Our project, "From local production to global screens: How the film industry reflects globalization", seeks to reveal how cinema mirrors the broader process of globalization across three key dimensions: economic, cultural, and population. Motivated by a desire to make globalization more engaging, we position ourselves as a history teacher passionate about cinema. This passion-driven approach aims to transform the often dry topic of globalization into a captivating dialogue between a teacher and their class, featuring a particularly challenging student and an intelligent, insightful one. Economically, our project examines how co-productions and box office trends reflect global trade in the film industry.

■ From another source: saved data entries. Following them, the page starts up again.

definition seq_prefix :: "nat \<Rightarrow> (nat \<Rightarrow> nat) \<Rightarrow> nat list" where
  "seq_prefix n c = map c [0..<n]"

definition extend_word :: "nat list \<Rightarrow> nat \<Rightarrow> nat" where
  "extend_word ws = (\<lambda>n. if n < length ws then ws ! n else 2)"

lemma admissible_seqs_digit_seqs: "c \<in> admissible_seqs \<Longrightarrow> c \<in> digit_seqs"
  by (simp add: admissible_seqs_def)

lemma shift_admissible_seqs: "c \<in> admissible_seqs \<Longrightarrow> shift m c \<in> admissible_seqs"
  by (simp add: admissible_seqs_def digit_seqs_def shift_def)

lemma const_2_admissible_seqs: "(\<lambda>_. 2) \<in> admissible_seqs"
  by (simp add: admissible_seqs_def digit_seqs_def admissible_pair_def)

lemma admissible_word_map_upt:
  assumes c: "c \<in> admissible_seqs" shows "admissible_word (map c [i..<i + n])"
proof (induction n arbitrary: i)
  case (Suc n)
  have ci: "c i \<in> {1..4}" "admissible_pair (c i) (c (Suc i))"
    using c by (auto simp: admissible_seqs_def digit_seqs_def)
  have "[i..<i + Suc n] = i # [Suc i..<i + Suc n]" by (rule upt_conv_Cons) simp
  then have e: "map c [i..<i + Suc n] = c i # map c [Suc i..<Suc i + n]" by simp
  show ?case
  proof (cases n)
    case (Suc n')
    then have "[Suc i..<Suc i + n] = Suc i # [Suc (Suc i)..<Suc i + n]" by (intro upt_conv_Cons) simp
    then have "map c [Suc i..<Suc i + n] = c (Suc i) # map c [Suc (Suc i)..<Suc (Suc i) + n']"
      using Suc by simp
    then show ?thesis unfolding e using ci Suc.IH[of "Suc i"] by simp
  qed (use ci e in simp)
qed simp

lemma seq_prefix_admissible_words: "c \<in> admissible_seqs \<Longrightarrow> seq_prefix n c \<in> admissible_words n"
  using admissible_word_map_upt[of c 0 n] by (simp add: admissible_words_def seq_prefix_def)

lemma seq_prefix_eq_iff: "seq_prefix n c = seq_prefix n d \<longleftrightarrow> (\<forall>j<n. c j = d j)"
  unfolding seq_prefix_def map_eq_conv by auto

lemma extend_word_admissible_seqs:
  assumes "admissible_word ws" shows "extend_word ws \<in> admissible_seqs"
proof -
  have "extend_word ws n \<in> {1..4}" for n
  proof (cases "n < length ws")
    case True
    then show ?thesis using admissible_word_set[OF assms] nth_mem by (fastforce simp: extend_word_def)
  qed (simp add: extend_word_def)
  moreover have "admissible_pair (extend_word ws n) (extend_word ws (Suc n))" for n
  proof (cases "Suc n < length ws")
    case True then show ?thesis using admissible_word_nth[OF assms True] by (simp add: extend_word_def)
  next
    case False then show ?thesis by (auto simp: extend_word_def admissible_pair_def)
  qed
  ultimately show ?thesis by (simp add: admissible_seqs_def digit_seqs_def)
qed

lemma open_fix_finite: "finite I \<Longrightarrow> open {f :: nat \<Rightarrow> nat. \<forall>i\<in>I. f i = w i}"
  using product_topology_basis'[of I "\<lambda>i. {w i}" "\<lambda>i. i"] by (simp add: open_discrete)

lemma open_cylinder: "open (cylinder c n)"
proof -
  have "cylinder c n = {f. \<forall>i\<in>{..<n}. f i = c i}" by (auto simp: cylinder_def)
  then show ?thesis using open_fix_finite[of "{..<n}" c] by simp
qed

lemma compact_admissible_seqs: "compact admissible_seqs"
proof -
  have "compactin (product_topology (\<lambda>i. euclidean) UNIV) (PiE UNIV (\<lambda>_. {1..4::nat}))"
    by (simp add: compactin_PiE finite_imp_compact)
  moreover have "digit_seqs = PiE UNIV (\<lambda>_. {1..4::nat})"
    by (auto simp: digit_seqs_def PiE_def Pi_def)
  ultimately have "compact digit_seqs" by (metis euclidean_product_topology compactin_euclidean_iff)
  have "closed {c :: nat \<Rightarrow> nat. admissible_pair (c n) (c (Suc n))}" for n
  proof -
    have "- {c :: nat \<Rightarrow> nat. admissible_pair (c n) (c (Suc n))}
       = {f. \<forall>i\<in>{n, Suc n}. f i = (\<lambda>i. if i = n then 2 else 4) i}
       \<union> {f. \<forall>i\<in>{n, Suc n}. f i = (\<lambda>i. if i = n then 3 else 1) i}"
      by (auto simp: admissible_pair_def)
    moreover have "open \<dots>" by (intro open_Un open_fix_finite) simp_all
    ultimately show ?thesis by (simp add: closed_def)
  qed
  then have closed: "closed (\<Inter>n. {c :: nat \<Rightarrow> nat. admissible_pair (c n) (c (Suc n))})"
    by (intro closed_INT) auto
  have "admissible_seqs = digit_seqs \<inter> (\<Inter>n. {c. admissible_pair (c n) (c (Suc n))})"
    by (auto simp: admissible_seqs_def)
  then show ?thesis using compact_Int_closed[OF \<open>compact digit_seqs\<close> closed] by simp
qed

lemma admissible_words_cylinder_cover:
  assumes cover: "admissible_seqs \<subseteq> (\<Union>i\<in>F. cylinder (c i) (n i))" and N: "\<And>i. i \<in> F \<Longrightarrow> n i \<le> N"
  shows "admissible_words N \<subseteq> (\<Union>i\<in>F. {w \<in> admissible_words N. take (n i) w = seq_prefix (n i) (c i)})"
proof
  fix w assume w: "w \<in> admissible_words N"
  then have aw: "admissible_word w" "length w = N" by (simp_all add: admissible_words_def)
  obtain i where i: "i \<in> F" "extend_word w \<in> cylinder (c i) (n i)"
    using cover extend_word_admissible_seqs[OF aw(1)] by blast
  have "take (n i) w = seq_prefix (n i) (c i)"
  proof (rule nth_equalityI)
    show "length (take (n i) w) = length (seq_prefix (n i) (c i))"
      using aw N[OF i(1)] by (simp add: seq_prefix_def)
    fix j assume j: "j < length (take (n i) w)"
    then have "extend_word w j = c i j" using i(2) by (simp add: cylinder_def)
    then show "take (n i) w ! j = seq_prefix (n i) (c i) ! j"
      using j by (simp add: extend_word_def seq_prefix_def)
  qed
  then show "w \<in> (\<Union>i\<in>F. {w \<in> admissible_words N. take (n i) w = seq_prefix (n i) (c i)})"
    using i(1) w by blast
qed

text \<open>Weighting a cylinder of length \<open>n\<close> by \<open>perron_root ^ (- n)\<close>, compare the number of
  admissible words of a length \<open>N\<close> beyond all \<open>n i\<close> with the number of their extensions.\<close>
lemma cylinder_cover_weight:
  assumes F: "finite F" and c: "\<And>i. i \<in> F \<Longrightarrow> c i \<in> admissible_seqs" and n: "\<And>i. i \<in> F \<Longrightarrow> 1 \<le> n i"
    and cover: "admissible_seqs \<subseteq> (\<Union>i\<in>F. cylinder (c i) (n i))"
  shows "1 / (2 * perron_root) \<le> (\<Sum>i\<in>F. (1 / perron_root) ^ n i)"
proof -
  have "F \<noteq> {}" using cover const_2_admissible_seqs by blast
  define N where "N = Max (n ` F)"
  have nN: "n i \<le> N" if "i \<in> F" for i using F that by (simp add: N_def)
  have N: "1 \<le> N" using \<open>F \<noteq> {}\<close> nN n by (meson all_not_in_conv le_trans)
  define B where "B i = {w \<in> admissible_words N. take (n i) w = seq_prefix (n i) (c i)}" for i
  have "card (admissible_words N) \<le> card (\<Union>i\<in>F. B i)"
    using admissible_words_cylinder_cover[OF cover nN] F finite_admissible_words
    unfolding B_def by (intro card_mono) auto
  also have "\<dots> \<le> (\<Sum>i\<in>F. card (B i))" using F by (rule card_UN_le)
  finally have "real (card (admissible_words N)) \<le> (\<Sum>i\<in>F. real (card (B i)))"
    by (metis of_nat_le_iff of_nat_sum)
  also have "\<dots> \<le> (\<Sum>i\<in>F. sqrt 2 * perron_root ^ N * (1 / perron_root) ^ n i)"
  proof (rule sum_mono)
    fix i assume i: "i \<in> F"
    have "real (card (B i)) \<le> sqrt 2 * perron_root ^ (N - n i)" unfolding B_def
      using n[OF i] nN[OF i] seq_prefix_admissible_words[OF c[OF i]]
      by (intro card_admissible_words_prefix_le) (simp_all add: admissible_words_def seq_prefix_def)
    also have "perron_root ^ (N - n i) = perron_root ^ N * (1 / perron_root) ^ n i"
      using nN[OF i] perron_root_gt_3 by (simp add: power_diff power_one_over)
    finally show "real (card (B i)) \<le> sqrt 2 * perron_root ^ N * (1 / perron_root) ^ n i" by simp
  qed
  also have "\<dots> = sqrt 2 * perron_root ^ N * (\<Sum>i\<in>F. (1 / perron_root) ^ n i)"
    by (simp add: sum_distrib_left)
  finally have "perron_root ^ (N - 1) / sqrt 2 \<le> sqrt 2 * perron_root ^ N * (\<Sum>i\<in>F. (1 / perron_root) ^ n i)"
    using card_admissible_words_ge[of "N - 1"] N by simp
  moreover have "perron_root ^ N = perron_root * perron_root ^ (N - 1)"
    using N by (metis Suc_diff_le diff_Suc_1 power_Suc)
  moreover have "0 < perron_root ^ (N - 1)" using perron_root_gt_3 by simp
  moreover have sqrt2: "sqrt 2 * (sqrt 2 * x) = 2 * x" for x :: real
    by (simp add: mult.assoc[symmetric])
  ultimately show ?thesis using perron_root_gt_3 by (simp add: field_simps sqrt2)
qed

section \<open>Hausdorff dimension of \<open>U\<^sub>1\<close>\<close>

text \<open>Points coded by admissible sequences with first digit \<open>1, 2, 3, 4\<close> lie in
  \<open>[0, \<lambda>]\<close>, \<open>[2\<lambda>, 2\<lambda> + 4\<lambda>\<^sup>2 - \<lambda>\<^sup>3]\<close>, \<open>[3\<lambda> + \<lambda>\<^sup>2, 4\<lambda> - \<lambda>\<^sup>2]\<close>, \<open>[1 - \<lambda>, 1]\<close>;
  the separation constant is the smallest of the three gaps.\<close>
definition sep_const :: "real \<Rightarrow> real" where
  "sep_const lam = min (min lam (lam - 3 * (lam * lam) + lam * (lam * lam))) (1 - 5 * lam + lam * lam)"

definition similarity_dim :: "real \<Rightarrow> real" where
  "similarity_dim lam = ln perron_root / - ln lam"

context small_ratio_ifs
begin

lemma sep_const_pos: "0 < sep_const lam"
proof -
  have "lam - 3 * (lam * lam) + lam * (lam * lam) = lam * (1 - 3 * lam + lam * lam)"
    by (simp add: algebra_simps)
  moreover have "0 < 1 - 3 * lam + lam * lam" using quadratic_lam_pos lam_pos by linarith
  ultimately show ?thesis using lam_pos quadratic_lam_pos by (simp add: sep_const_def)
qed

Culturally, we explore how film genres and iconic characters transcend borders, revealing cultural exchanges. In terms of population, we analyze actor diversity to highlight increased global mobility. Our motivation is to tell the story of cinema's role in fostering a more interconnected and culturally blended world.
-
Economic Globalization
- Is the movie industry representative of the economic aspect of globalization? For example, how did the number of movie co-productions between countries evolve?
- What is the impact of an international co-production on the budget allocated to each movie?

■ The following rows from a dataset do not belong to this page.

lemma walk_to_induced_path:
  assumes "is_graph G" "L \<noteq> []" "walk_edges L \<subseteq> edges G"
  shows "\<exists>P. P \<noteq> [] \<and> hd P = hd L \<and> last P = last L \<and> set P \<subseteq> set L \<and> induced_path G P"
  using assms(2,3)
proof (induction "length L" arbitrary: L rule: less_induct)
  case less
  have shortcut: "\<exists>P. P \<noteq> [] \<and> hd P = hd L \<and> last P = last L \<and> set P \<subseteq> set L \<and> induced_path G P"
    if "length L' < length L" "L' \<noteq> []" "walk_edges L' \<subseteq> edges G"
       "hd L' = hd L" "last L' = last L" "set L' \<subseteq> set L" for L'
    using less.hyps[OF that(1-3)] that(4-6) by (metis subset_trans)
  show ?case
  proof (cases "distinct L")
    case False
    then obtain xs y ys zs where L: "L = xs @ [y] @ ys @ [y] @ zs"
      using not_distinct_decomp by blast
    show ?thesis
    proof (rule shortcut)
      show "walk_edges (xs @ y # zs) \<subseteq> edges G"
        using less.prems(2) walk_edges_remove_loop[of xs y zs ys] unfolding L by auto
    qed (auto simp: L hd_append)
  next
    case True
    show ?thesis
    proof (cases "\<forall>e\<in>edges G. e \<subseteq> set L \<longrightarrow> e \<in> walk_edges L")
      case True
      with \<open>distinct L\<close> less.prems show ?thesis unfolding induced_path_def by blast
    next
      case False
      then obtain e where e: "e \<in> edges G" "e \<subseteq> set L" "e \<notin> walk_edges L" by blast
      obtain x y where "e = {x, y}" "x \<noteq> y"
        using e(1) assms(1) unfolding is_graph_def by blast
      then obtain l1 m l3 x' y' where L: "L = l1 @ x' # m @ y' # l3" and e_eq: "e = {x', y'}"
        using split_list_two[of x L y] e(2) by auto
      have "m \<noteq> []"
        using e(3) walk_edges_append_Cons[of l1 x' "y' # l3"] unfolding L e_eq by auto
      then show ?thesis
      proof (intro shortcut)
        show "walk_edges (l1 @ x' # y' # l3) \<subseteq> edges G"
          using less.prems(2) e(1) walk_edges_shortcut[of l1 x' y' l3 m] unfolding L e_eq by auto
      qed (auto simp: L hd_append)
    qed
  qed
qed

lemma chords_append_induced_path:
  assumes "R \<noteq> []" "Q \<noteq> []" "set R \<inter> set Q = {}"
    and path: "induced_path G (last R # Q @ [hd R])"
    and no_cross: "\<And>e. e \<in> edges G \<Longrightarrow> e \<subseteq> set R \<union> set Q \<Longrightarrow> e \<inter> set Q \<noteq> {} \<Longrightarrow>
      e \<subseteq> set (last R # Q @ [hd R])"
  shows "chords G (R @ Q) = {e \<in> edges G. e \<subseteq> set R} - walk_edges R"
proof -
  let ?P = "last R # Q @ [hd R]"
  have cycle: "cycle_edges (R @ Q) = walk_edges R \<union> walk_edges ?P"
    using assms(1,2) by (rule cycle_edges_append)
  have P_meets_Q: "e \<inter> set Q \<noteq> {}" if "e \<in> walk_edges ?P" for e
  proof -
    have "walk_edges ?P = insert {last R, hd Q} (walk_edges Q \<union> {{last Q, hd R}})"
      using assms(2) by (simp add: walk_edges_Cons walk_edges_append)
    with that consider "e = {last R, hd Q}" | "e \<in> walk_edges Q" | "e = {last Q, hd R}"
      by blast
    then show ?thesis
    proof cases
      case 2
      then show ?thesis by (rule walk_edgesE) auto
    qed (use assms(2) in auto)
  qed
  show ?thesis
  proof (intro set_eqI iffI)
    fix e
    assume "e \<in> chords G (R @ Q)"
    then have e: "e \<in> edges G" "e \<subseteq> set R \<union> set Q" "e \<notin> walk_edges R" "e \<notin> walk_edges ?P"
      unfolding chords_def cycle by auto
    have "e \<inter> set Q = {}"
    proof (rule ccontr)
      assume "e \<inter> set Q \<noteq> {}"
      with e(1,2) have "e \<subseteq> set ?P" by (rule no_cross)
      with path e(1,4) show False unfolding induced_path_def by blast
    qed
    with e(1-3) show "e \<in> {e \<in> edges G. e \<subseteq> set R} - walk_edges R" by blast
  next
    fix e
    assume e: "e \<in> {e \<in> edges G. e \<subseteq> set R} - walk_edges R"
    with P_meets_Q assms(3) have "e \<notin> walk_edges ?P" by blast
    with e show "e \<in> chords G (R @ Q)" unfolding chords_def cycle set_append by blast
  qed
qed

section \<open>Induced subgraphs and heredity\<close>

lemma verts_induced [simp]: "verts (induced G X) = verts G \<inter> X"
  by (simp add: induced_def verts_def)

lemma edges_induced [simp]: "edges (induced G X) = {e \<in> edges G. e \<subseteq> X}"
  by (simp add: induced_def edges_def)

lemma verts_delete [simp]: "verts (delete G X) = verts G - X"
  by (auto simp: delete_def)

lemma edges_delete [simp]: "edges (delete G X) = {e \<in> edges G. e \<subseteq> verts G - X}"
  by (auto simp: delete_def)

lemma is_graph_induced: "is_graph G \<Longrightarrow> is_graph (induced G X)"
  unfolding is_graph_def by fastforce

lemma is_cycle_chords_transfer:
  assumes "is_cycle K cs" "set cs \<subseteq> verts G"
    and "{e \<in> edges K. e \<subseteq> set cs} = {e \<in> edges G. e \<subseteq> set cs}"
  shows "is_cycle G cs \<and> chords G cs = chords K cs"
  using assms cycle_edges_subset_set unfolding is_cycle_iff chords_def by blast

lemma no_unique_chord_class_induced:
  assumes "no_unique_chord_class G"
  shows "no_unique_chord_class (induced G X)"
proof -
  have "\<not> has_cycle_unique_chord (induced G X)"
  proof
    assume "has_cycle_unique_chord (induced G X)"
    then obtain cs where cs: "is_cycle (induced G X) cs" "card (chords (induced G X) cs) = 1"
      unfolding has_cycle_unique_chord_def by blast
    have "set cs \<subseteq> verts G \<inter> X" using cs(1) unfolding is_cycle_iff by simp
    then have "is_cycle G cs \<and> chords G cs = chords (induced G X) cs"
      by (intro is_cycle_chords_transfer[OF cs(1)]) auto
    with cs(2) assms show False
      unfolding no_unique_chord_class_def has_cycle_unique_chord_def by metis
  qed
  with assms show ?thesis
    unfolding no_unique_chord_class_def by (simp add: is_graph_induced)
qed

lemma cl_eq_induced: "{u, v} \<in> edges G \<Longrightarrow> cl G u v C = induced G (C \<union> {u, v})"
  by (simp add: cl_def induced_def prod_eq_iff verts_def edges_def insert_absorb)

section \<open>Connectivity\<close>

lemma reach_sym:
  assumes "reach D x y"
  shows "reach D y x"
proof -
  have "symp (\<lambda>x y. x \<in> verts D \<and> y \<in> verts D \<and> adj D x y)"
    by (rule sympI) (auto simp: adj_def insert_commute)
  from sympD[OF symp_rtranclp[OF this]] assms show ?thesis unfolding reach_def .
qed

lemma reach_trans: "reach D x y \<Longrightarrow> reach D y z \<Longrightarrow> reach D x z"
  unfolding reach_def by (rule rtranclp_trans)

lemma reach_verts: "reach D x y \<Longrightarrow> x \<in> verts D \<Longrightarrow> y \<in> verts D"
  unfolding reach_def by (induction rule: rtranclp_induct) auto

lemma reach_adj_closed:
  assumes "\<And>y z. y \<in> S \<Longrightarrow> z \<in> verts D \<Longrightarrow> adj D y z \<Longrightarrow> z \<in> S"
    and "reach D x y" "x \<in> S"
  shows "y \<in> S"
  using assms(2,3) unfolding reach_def by (induction rule: rtranclp_induct) (auto intro: assms(1))

lemma reach_walk:
  assumes "reach D p q"
  shows "\<exists>xs. xs \<noteq> [] \<and> hd xs = p \<and> last xs = q \<and> walk_edges xs \<subseteq> edges D \<and>
    (\<forall>y\<in>set xs. reach D p y)"
  using assms[unfolded reach_def]
proof (induction rule: rtranclp_induct)
  case base
  show ?case by (intro exI[of _ "[p]"]) (simp add: reach_def)
next
  case (step y z)
  then obtain xs where xs: "xs \<noteq> []" "hd xs = p" "last xs = y" "walk_edges xs \<subseteq> edges D"
    "\<forall>y\<in>set xs. reach D p y"
    by blast
  have "walk_edges (xs @ [z]) = insert {y, z} (walk_edges xs)"
    using walk_edges_append[of xs "[z]"] xs(1,3) by simp
  moreover have "reach D p z"
    using step(1,2) unfolding reach_def by (rule rtranclp.rtrancl_into_rtrancl)
  ultimately show ?case
    using xs step(2) unfolding adj_def by (intro exI[of _ "xs @ [z]"]) auto
qed

lemma components_subset: "C \<in> components D \<Longrightarrow> C \<subseteq> verts D"
  unfolding components_def by auto

lemma components_nonempty: "C \<in> components D \<Longrightarrow> C \<noteq> {}"
  unfolding components_def reach_def by auto

lemma components_reach_iff:
  assumes "C \<in> components D" "x \<in> C"
  shows "y \<in> C \<longleftrightarrow> reach D x y"
proof -
  obtain x0 where x0: "x0 \<in> verts D" "C = {y \<in> verts D. reach D x0 y}"
    using assms(1) unfolding components_def by blast
  with assms(2) have "reach D x0 x" by blast
  with x0 show ?thesis
    by (metis (mono_tags, lifting) mem_Collect_eq reach_sym reach_trans reach_verts)
qed

lemma components_eqI: "C \<in> components D \<Longrightarrow> C' \<in> components D \<Longrightarrow> x \<in> C \<Longrightarrow> x \<in> C' \<Longrightarrow> C = C'"
  using components_reach_iff by blast

lemma components_adj_closed:
  assumes "C \<in> components D" "y \<in> C" "z \<in> verts D" "adj D y z"
  shows "z \<in> C"
proof -
  have "y \<in> verts D" using assms(1,2) components_subset by blast
  with assms(3,4) have "reach D y z" unfolding reach_def by blast
  with assms(1,2) show ?thesis using components_reach_iff by blast
qed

- How does the movie industry highlight the globalization of culture?
-
Cultural Globalization
- Can we see a uniformization of the culture through the evolution of the genres and topics of the movies that are produced?
- Can we see the cultural influence that some regions of the world have on others?
- Are there some movie characters that originate from a country and are also present in foreign movies?
- Are there movie summaries that mention foreign countries or regions and how did it evolve over time?
-
Population Mobility
- Does the diversity of actors' ethnicity in each movie increase over time?
- Can we see an increasing number of actors that take part in movies produced by different countries?
- Considering the number of translations available, where do the films that reach the largest audiences originate from?
-
Correlation
- Overall, is there a correlation between the globalization of the cinema industry and an existing globalization index?
- We need a premade world map to plot with geopandas: Natural Earth Data
- We need to consider inflation to adjust the revenue: Kaggle Inflation Dataset
- We consider additional movies to add consistency to the results of the Economics part: TMDB Data
For each segment of economy, culture, and population, we extract a new processed dataset from the cleaned dataset containing only the features relevant to that segment. This approach enables more efficient use of each dataset for the subsequent analysis. We also built different dictionaries to link each FreebaseID to the corresponding feature.
Our goal in this section is to show how the film industry's market bears witness to economic globalization.
- To address the free trade in goods and services, we will examine the box office revenue of films over time globally and by country.
- Focus on co-productions to estimate the influence of cross-country productions on the revenue as a witness to globalization.
- Tackle the evolution of the number of co-productions over time to highlight the free trade in goods and services.
Our goal in this section is to study the cultural influences that countries have on each other’s films.
- Themes: Analyze cultural influences through themes by examining the impact of the United States on the themes of films produced in other countries. This involves clustering countries using geographic clustering and centroid-based techniques. NLP methods, such as SpaCy for Named Entity Recognition (NER), Hugging Face’s Transformers for zero-shot classification, and BERTopic for theme extraction, are used.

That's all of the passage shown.